When the certificates created by PKI management expire, how can I seamlessly switch to new ones? Can I just regenerate the related certificates and replace the ones on the controller? Do I also need to manually replace the certificates on routers and other components?
I have routers configured in multiple locations. By default, the routing follows an internal intelligent strategy. However, I would like to manually specify a route. For example, I have five routers: R1, R2, R3, R4, and R5. The default routing might go Client--R1--SERVER (perhaps based on minimizing routing costs, similar to OSPF). But I want to specify the route as Client--R5--R2--R4--R3--R1--SERVER. Is this possible?
When testing access, is there a way to trace the routing path it follows? I’d like to know through which routers the traffic passes, similar to mtr or traceroute in Linux.
When a client wants to access services like Google or Office365, I want to route traffic through a specified path. Since these are broad services with many domains or IPs, how can I ensure all related domains or IPs are included? Is *.google.com enough, or will there still be some omissions? I saw this feature in Netskope, so I’m curious if OpenZiti can achieve this.
There's quite a few to cover. Yes generally you can just regenerate one you need to, such as server certs. Routers will renew certs on their own unless you provide them in which case you need to manage them. There's probably too much to get into for this question to keep it short. Hopefully this is enough info for now?
A qualified "Yes". you can do this with the addition of link groups.
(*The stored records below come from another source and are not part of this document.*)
lemma rho_formula_target: "rho_formula target = 1"
proof -
  have "1 \<le> scale (p j) (q j) (N j)" if "j < d" for j
    using that N_pos p_nonneg q_nonneg by (intro scale_ge_1) auto
  then have "scale (p j) (q j) (N j) \<noteq> 0" if "j < d" for j
    using that by fastforce
  then show ?thesis by (simp add: rho_formula_def)
qed

lemma rho_formula_harmonic:
  assumes x: "x \<in> grid d N"
  shows "rho_formula (Some x) = (\<Sum>t\<in>states d N. trans d p q (Some x) t * rho_formula t)"
proof -
  let ?a = "\<lambda>j. scale (p j) (q j)"
  let ?D = "\<Prod>j<d. ?a j (N j)"
  let ?R = "\<Sum>k<d. p k (x ! k) + q k (x ! k)"
  have x_bounds: "length x = d" "\<And>j. j < d \<Longrightarrow> 1 \<le> x ! j \<and> x ! j \<le> N j"
    using x by (auto simp: grid_def)
  have coordinate:
    "(if x ! j < N j then p j (x ! j) * rho_formula (Some (x[j := x ! j + 1])) else 0)
      + (if 2 \<le> x ! j then q j (x ! j) * rho_formula (Some (x[j := x ! j - 1])) else 0)
      = (p j (x ! j) + q j (x ! j)) * rho_formula (Some x)" if j: "j < d" for j
  proof -
    define rest where "rest = (\<Prod>k\<in>{..<d} - {j}. ?a k (x ! k))"
    have update: "rho_formula (Some (x[j := v])) = ?a j v * rest / ?D" for v
      using prod_nth_list_update[OF x_bounds(1) j, of ?a v]
      by (simp add: rho_formula_def rest_def)
    have up: "(if x ! j < N j then p j (x ! j) * rho_formula (Some (x[j := x ! j + 1])) else 0)
        = p j (x ! j) * ?a j (Suc (x ! j)) * rest / ?D"
      using update x_bounds(2)[OF j] p_top[OF j] by (cases "x ! j < N j") auto
    have down: "(if 2 \<le> x ! j then q j (x ! j) * rho_formula (Some (x[j := x ! j - 1])) else 0)
        = q j (x ! j) * ?a j (x ! j - 1) * rest / ?D"
      using update x_bounds(2)[OF j] by (cases "2 \<le> x ! j") (auto simp: le_Suc_eq)
    have "(p j (x ! j) + q j (x ! j)) * rho_formula (Some x)
        = (p j (x ! j) + q j (x ! j)) * ?a j (x ! j) * rest / ?D"
      using update[of "x ! j"] by simp
    moreover have "(p j (x ! j) + q j (x ! j)) * ?a j (x ! j)
        = p j (x ! j) * ?a j (Suc (x ! j)) + q j (x ! j) * ?a j (x ! j - 1)"
      using j x_bounds(2)[OF j] by (intro scale_balance_grid) auto
    ultimately show ?thesis
      unfolding up down by (simp add: add_divide_distrib[symmetric] distrib_right[symmetric])
  qed
  have "(\<Sum>t\<in>states d N. trans d p q (Some x) t * rho_formula t)
      = (1 - ?R) * rho_formula (Some x)
        + (\<Sum>j<d. (p j (x ! j) + q j (x ! j)) * rho_formula (Some x))"
    by (simp add: sum_trans_mult[OF x] coordinate rho_formula_def[of None])
  also have "\<dots> = (1 - ?R) * rho_formula (Some x) + ?R * rho_formula (Some x)"
    by (simp only: sum_distrib_right)
  also have "\<dots> = rho_formula (Some x)"
    by (simp add: algebra_simps)
  finally show ?thesis ..
qed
See the Release v0.30.0 · openziti/ziti · GitHub change log for details. This allows you to influence links between routers, but not individual identity paths if that makes sense? If there are more than one path, you also won't know exactly which is selected. You can influence those sorts of things further with edge and service router policies and router "weights". It might be what you want. It might not be as fine grained as you're thinking
For short lived circuits, I'm not sure how to capture the information but for long lived circuits you can issue ziti fabric list circuits to see how any given connection was pathed.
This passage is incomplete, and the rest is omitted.